Salicylic Acid and Retinoids
Salicylic acid and retinoids are both potent skincare ingredients with several skin advantages. They should not, however, be used simultaneously since they might cause irritation, dryness, and redness. Salicylic acid is a beta-hydroxy acid (BHA) that exfoliates the skin and unclogs pores, making it an excellent acne-fighting substance. Retinoids, on the other hand, are derived from vitamin A and act to promote cell turnover and decrease inflammation in the skin, which can aid in the unclogging of pores and the prevention of breakouts. Salicylic acid and retinoids might be too harsh on the skin when applied in combination, causing irritation and dryness. Moreover, when applied in conjunction with salicylic acid, retinoids can make the skin more susceptible to sun damage, increasing the risk of sunburn and other kinds of UV damage. To reduce the risk of irritation, it's recommended to apply salicylic acid and retinoids at different times of the day or on different days. You might use salicylic acid in the morning and a retinoid cream or serum in the evening, for example. When utilising retinoids, it is also critical to layer on adequate amounts of sunscreen during the day. If using retinoids during the night, use the sandwich method to apply. What this means is applying a layer of a hydrating cream, then your retinoid of choice, and then adding another layer of the hydrating cream on top. This ensures that even retinoid beginners can safely use this effective ingredient in their AM and PM skincare routines without compromising their skin barrier.

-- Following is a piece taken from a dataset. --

(* Consider the semi-discrete finite volume scheme $$\frac{d}{dt}\mathbf U_{i,j}=-\frac{\mathcal F_{i+\frac12,j}-\mathcal F_{i-\frac12,j}}{\Delta x}-\frac{\mathcal G_{i,j+\frac12}-\mathcal G_{i,j-\frac12}}{\Delta y}+\mathbf S_{i,j}$$ for the stochastic Galerkin shallow water system with time-independent bottom, with the energy conservative fluxes $\mathcal F=\mathcal F^{EC}$, $\mathcal G=\mathcal G^{EC}$ and source $\mathbf S_{i,j}$ defined in the context. Then this scheme is well-balanced, energy conservative, and has local truncation error $\mathcal O(\Delta x^2+\Delta y^2)$.
   Context: Let $\mathcal M_k\in\mathbb R^{K\times K}$, $(\mathcal M_k)_{l,m}=\int\phi_k\phi_l\phi_m\rho$, where $\phi_1\equiv1,\dots,\phi_K$ are polynomials orthonormal with respect to a probability density $\rho$ on $\mathbb R^d$ with all moments finite; $\mathcal P(\widehat z)=\sum_k\widehat z_k\mathcal M_k$ for $\widehat z\in\mathbb R^K$; $g>0$. The SG shallow water system is $\widehat U_t+\widehat F(\widehat U)_x+\widehat G(\widehat U)_y=\widehat S(\widehat U)$, $\widehat U=(\widehat h,\widehat{q^x},\widehat{q^y})\in\mathbb R^{3K}$, with $\widehat F=\big(\widehat{q^x};\ \mathcal P(\widehat{q^x})\mathcal P^{-1}(\widehat h)\widehat{q^x}+\tfrac12 g\mathcal P(\widehat h)\widehat h;\ \mathcal P(\widehat{q^x})\mathcal P^{-1}(\widehat h)\widehat{q^y}\big)$, $\widehat G=\big(\widehat{q^y};\ \mathcal P(\widehat{q^y})\mathcal P^{-1}(\widehat h)\widehat{q^x};\ \mathcal P(\widehat{q^y})\mathcal P^{-1}(\widehat h)\widehat{q^y}+\tfrac12 g\mathcal P(\widehat h)\widehat h\big)$, $\widehat S=\big(0;-g\mathcal P(\widehat h)\widehat B_x;-g\mathcal P(\widehat h)\widehat B_y\big)$, bottom $\widehat B(x,y)\in\mathbb R^K$ time independent. Discretization: uniform rectangular cells with sizes $\Delta x,\Delta y$, centers $(x_i,y_j)$; $\mathbf U_{i,j}(t)=(\mathbf h_{i,j},\mathbf q^x_{i,j},\mathbf q^y_{i,j})$ approximates the cell average of $\widehat U$, $\mathbf B_{i,j}$ that of $\widehat B$; $\mathcal P(\mathbf h_{i,j})$ is assumed positive definite; $\mathbf u_{i,j}=\mathcal P^{-1}(\mathbf h_{i,j})\mathbf q^x_{i,j}$, $\mathbf v_{i,j}=\mathcal P^{-1}(\mathbf h_{i,j})\mathbf q^y_{i,j}$. For any cell quantity $\mathbf a$: $\overline{\mathbf a}_{i+\frac12,j}=\tfrac12(\mathbf a_{i,j}+\mathbf a_{i+1,j})$, $[\![\mathbf a]\!]_{i+\frac12,j}=\mathbf a_{i+1,j}-\mathbf a_{i,j}$, and analogously $\overline{\mathbf a}_{i,j+\frac12}$, $[\![\mathbf a]\!]_{i,j+\frac12}$ in $j$; $\overline{\mathcal P(\mathbf h)\mathbf h}$ denotes the average of $\mathcal P(\mathbf h_{i,j})\mathbf h_{i,j}$. EC fluxes and source (all averages at the indicated interface): $\mathcal F^{EC}_{i+\frac12,j}=\big(\mathcal P(\overline{\mathbf h})\overline{\mathbf u};\ \tfrac12 g\,\overline{\mathcal P(\mathbf h)\mathbf h}+\mathcal P(\overline{\mathbf u})\mathcal P(\overline{\mathbf h})\overline{\mathbf u};\ \mathcal P(\overline{\mathbf v})\mathcal P(\overline{\mathbf h})\overline{\mathbf u}\big)_{i+\frac12,j}$, $\mathcal G^{EC}_{i,j+\frac12}=\big(\mathcal P(\overline{\mathbf h})\overline{\mathbf v};\ \mathcal P(\overline{\mathbf u})\mathcal P(\overline{\mathbf h})\overline{\mathbf v};\ \tfrac12 g\,\overline{\mathcal P(\mathbf h)\mathbf h}+\mathcal P(\overline{\mathbf v})\mathcal P(\overline{\mathbf h})\overline{\mathbf v}\big)_{i,j+\frac12}$, $\mathbf S_{i,j}=\Big(0;\ -\tfrac{g}{2\Delta x}\big(\mathcal P(\overline{\mathbf h}_{i+\frac12,j})[\![\mathbf B]\!]_{i+\frac12,j}+\mathcal P(\overline{\mathbf h}_{i-\frac12,j})[\![\mathbf B]\!]_{i-\frac12,j}\big);\ -\tfrac{g}{2\Delta y}\big(\mathcal P(\overline{\mathbf h}_{i,j+\frac12})[\![\mathbf B]\!]_{i,j+\frac12}+\mathcal P(\overline{\mathbf h}_{i,j-\frac12})[\![\mathbf B]\!]_{i,j-\frac12}\big)\Big)$. Discrete energy: $\mathbf E_{i,j}=\tfrac12\big((\mathbf q^x_{i,j})^\top\mathbf u_{i,j}+(\mathbf q^y_{i,j})^\top\mathbf v_{i,j}\big)+\tfrac12 g\|\mathbf h_{i,j}\|^2+g\mathbf h_{i,j}^\top\mathbf B_{i,j}$. Well-balanced: whenever $\mathbf q^x_{i,j}=\mathbf q^y_{i,j}=0$ and $\mathbf h_{i,j}+\mathbf B_{i,j}=\mathbf C$ (the same vector) for all $i,j$, the scheme gives $\frac{d}{dt}\mathbf U_{i,j}=0$ for all $i,j$. Energy conservative: there exist interface quantities $\mathcal H_{i+\frac12,j},\mathcal K_{i,j+\frac12}$ (numerical energy fluxes) such that along the scheme $\frac{d}{dt}\mathbf E_{i,j}=-\frac{\mathcal H_{i+\frac12,j}-\mathcal H_{i-\frac12,j}}{\Delta x}-\frac{\mathcal K_{i,j+\frac12}-\mathcal K_{i,j-\frac12}}{\Delta y}$ for all $i,j$. Local truncation error $\mathcal O(\Delta x^p+\Delta y^p)$: for smooth $\widehat U,\widehat B$ (with $\mathcal P(\widehat h)$ positive definite) inserted as cell values, the right-hand side of the scheme equals $\big(-\widehat F(\widehat U)_x-\widehat G(\widehat U)_y+\widehat S(\widehat U)\big)(x_i,y_j)+\mathcal O(\Delta x^p+\Delta y^p)$. *)

theory Defs
  imports "HOL-Analysis.Analysis"
begin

To avoid these side effects, apply these key skincare activities at different times of day or on separate days, as instructed by a dermatologist or skincare specialist. It's also critical to patch test new products and be mindful of potential ingredient interactions. In general, if you have any worries or questions about utilizing certain skin care products in conjunction, you should always contact a dermatologist to verify that you're using them safely and efficiently.